Multiprocessing and Threading in Python
i'm trying to handle multiprocessing in python, however, i think i might did not understand it properly.
To start with, i have dataframe, which contains texts as string, on which i want to perform some regex. The code looks as follows:
import multiprocess
from threading import Thread
def clean_qa():
for index, row in data.iterrows():
data["qa"].loc[index] = re.sub("(\-{5,}).{1,100}(\-{5,})|(\[.{1,50}\])|[^\w\s]", "", str(data["qa"].loc[index]))
if __name__ == '__main__':
threads = []
for i in range(os.cpu_count()):
threads.append(Thread(target=test_qa))
for thread in threads:
thread.start()
for thread in threads:
thread.join()
if __name__ == '__main__':
processes = []
for i in range(os.cpu_count()):
processes.append(multiprocess.Process(target=test_qa))
for process in processes:
process.start()
for process in processes:
process.join()
When i run the function "clean_qa" not as function but simply by executing the for loop, everything works fine and it takes about 3 minutes.
However, when i use multiprocessing or threading, first of all, the execution takes about 10 minutes, and the text is not cleaned, so the dataframe is as before.

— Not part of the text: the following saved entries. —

(* Let $a,b,d$ be positive integers with $d$ not a perfect square, $\alpha=a+b^2\sqrt d$, $N_\alpha=a^2-b^4d$, and $t,u$ positive integers with $\varepsilon=(t+u\sqrt d)/2$ a unit of the ring of integers of $\mathbb{Q}(\sqrt d)$; define $x_k+y_k\sqrt d=\alpha\varepsilon^{2k}$ for $k\in\mathbb{Z}$. Suppose $k\ne0$, $\gcd(a,b)=1$, $N_\alpha<0$, and $x_k,y_k$ are both integers. Let $t'=\operatorname{core}(N_\alpha)$, $u_1=2x_k$, $u_2=\pm2\sqrt{N_\alpha/\operatorname{core}(N_\alpha)}$, and let $g$ be defined from $(t',u_1,u_2)$ as below. Then $g^2/\gcd(a^2,db^4)=2^m$ for some integer $m\ge0$.
   Context: $\operatorname{core}(n)$ is the unique squarefree integer with $n/\operatorname{core}(n)$ a perfect square. Given $t',u_1,u_2$: $g_1=\gcd(u_1,u_2)$, $g_2=\gcd(u_1/g_1,t')$ (positive gcds); $g_3=1$ if $t'\equiv1\pmod4$ and $(u_1-u_2)/g_1$ is even, $g_3=2$ if $t'\equiv3\pmod4$ and $(u_1-u_2)/g_1$ is even, $g_3=4$ otherwise; $g=g_1\sqrt{g_2/g_3}$. *)

theory Defs
  imports Complex_Main "HOL-Computational_Algebra.Squarefree"
begin

text \<open>core n: the unique squarefree integer c with n / c a perfect square
  (i.e. n = c * s^2 for some integer s). Meaningful for n \<noteq> 0.\<close>
definition core :: "int \<Rightarrow> int" where
  "core n = (THE c. squarefree c \<and> (\<exists>s::int. n = c * s^2))"

definition g1_of :: "int \<Rightarrow> int \<Rightarrow> int" where
  "g1_of u1 u2 = gcd u1 u2"

definition g2_of :: "int \<Rightarrow> int \<Rightarrow> int \<Rightarrow> int" where
  "g2_of t' u1 u2 = gcd (u1 div g1_of u1 u2) t'"

definition g3_of :: "int \<Rightarrow> int \<Rightarrow> int \<Rightarrow> int" where
  "g3_of t' u1 u2 =
     (if t' mod 4 = 1 \<and> even ((u1 - u2) div g1_of u1 u2) then 1
      else if t' mod 4 = 3 \<and> even ((u1 - u2) div g1_of u1 u2) then 2
      else 4)"

definition g_of :: "int \<Rightarrow> int \<Rightarrow> int \<Rightarrow> real" where
  "g_of t' u1 u2 = real_of_int (g1_of u1 u2) *
     sqrt (real_of_int (g2_of t' u1 u2) / real_of_int (g3_of t' u1 u2))"

end

theory Submission
  imports Defs
begin

(* Write eps^(2k) = (T + U sqrt d)/2 with T^2 - d U^2 = 4 (and T, U even if d is even).  Then
   2x = T a + U d b^2 and 2y = U a + T b^2, and conversely 2a = T x - U d y, 2b^2 = T y - U x,
   so each of gcd(x^2, d y^2) and gcd(a^2, d b^4) divides 4 times the other; they are equal when d
   is even, and gcd(a^2, d b^4) is odd when d is odd.  Hence gcd(x^2, d y^2) = gcd(a^2, d b^4) q
   with q dividing 4.  As t' is squarefree and N = t' s^2 = x^2 - d y^2, a comparison of
   p-adic valuations gives g1^2 g2 = 4 gcd(x^2, N) = 4 gcd(x^2, d y^2), so
   g^2 / gcd(a^2, d b^4) = (4 / g3) q divides 16. *)

lemma sqrt_nonsquare_irrational:
  fixes d :: int
  assumes "d > 0" "\<nexists>r::int. d = r^2"
  shows "sqrt (real_of_int d) \<notin> \<rat>"
proof
  assume "sqrt (real_of_int d) \<in> \<rat>"
  then obtain A B :: int where AB: "B > 0" "coprime A B" "sqrt (real_of_int d) = of_int A / of_int B"
    by (rule Rats_cases')
  then have "real_of_int d = (of_int A / of_int B)^2"
    using assms(1) by (metis of_int_0_less_iff less_imp_le real_sqrt_pow2)
  then have "real_of_int (d * B^2) = real_of_int (A^2)"
    using AB(1) by (simp add: field_simps)
  then have AdB: "A^2 = d * B^2"
    by (simp only: of_int_eq_iff)
  have "is_unit (B^2)"
    using AB(2) AdB by (metis coprime_commute coprime_power_left_iff coprime_power_right_iff
        coprime_absorb_right dvd_triv_right)
  then have "B = 1"
    using AB(1) by (auto simp add: power2_eq_1_iff)
  then show False
    using AdB assms(2) by auto
qed

lemma int_plus_sqrt_nonsquare_eq_iff:
  fixes d P Q P' Q' :: int
  assumes "d > 0" "\<nexists>r::int. d = r^2"
  shows "of_int P + of_int Q * sqrt (of_int d) = of_int P' + of_int Q' * sqrt (of_int d)
           \<longleftrightarrow> P = P' \<and> Q = Q'"
proof
  assume eq: "of_int P + of_int Q * sqrt (of_int d) = of_int P' + of_int Q' * sqrt (of_int d)"
  show "P = P' \<and> Q = Q'"
  proof (cases "Q = Q'")
    case False
    then have "sqrt (of_int d) = of_int (P' - P) / of_int (Q - Q')"
      using eq by (simp add: field_simps)
    then have "sqrt (of_int d) \<in> \<rat>"
      by simp
    then show ?thesis
      using sqrt_nonsquare_irrational[OF assms] by blast
  qed (use eq in simp)
qed simp

lemma mult_int_plus_root:
  fixes r :: real
  assumes "r * r = of_int d"
  shows "(of_int T1 + of_int U1 * r) * (of_int T2 + of_int U2 * r)
           = of_int (T1 * T2 + d * U1 * U2) + of_int (T1 * U2 + T2 * U1) * r"
proof -
  have "(of_int T1 + of_int U1 * r) * (of_int T2 + of_int U2 * r)
          = of_int T1 * of_int T2 + of_int U1 * of_int U2 * (r * r) + (of_int T1 * of_int U2 + of_int T2 * of_int U1) * r"
    by (simp add: algebra_simps)
  then show ?thesis
    unfolding assms by simp
qed

text \<open>The norm-one elements \<open>(T + U\<surd>d)/2\<close>, required to lie in \<open>\<int>[\<surd>d]\<close> when \<open>d\<close> is even.
  Without that requirement the \<open>2\<close>-parts of the gcds compared below would only be determined up to
  a factor \<open>4\<close>.\<close>

definition half_unit :: "int \<Rightarrow> real \<Rightarrow> bool" where
  "half_unit d z \<longleftrightarrow> (\<exists>T U. T^2 - d * U^2 = 4 \<and> (even d \<longrightarrow> even T \<and> even U) \<and>
                         z = (of_int T + of_int U * sqrt (of_int d)) / 2)"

Therefore my question, what did i do wrong, why does it take longer and why does nothing happen to the dataframe?
Thank you very much!
This is slightly beside the point (though my comments in the original post do address the actual points), but since you're working with a Pandas dataframe, you really never want to loop over it by hand.
Looks like all you actually want here is just:
r = re.compile(r"(\-{5,}).{1,100}(\-{5,})|(\[.{1,50}\])|[^\w\s]")
def clean_qa():
data["qa"] = data["qa"].str.replace(r, "")
to let Pandas deal with the looping and parallelization.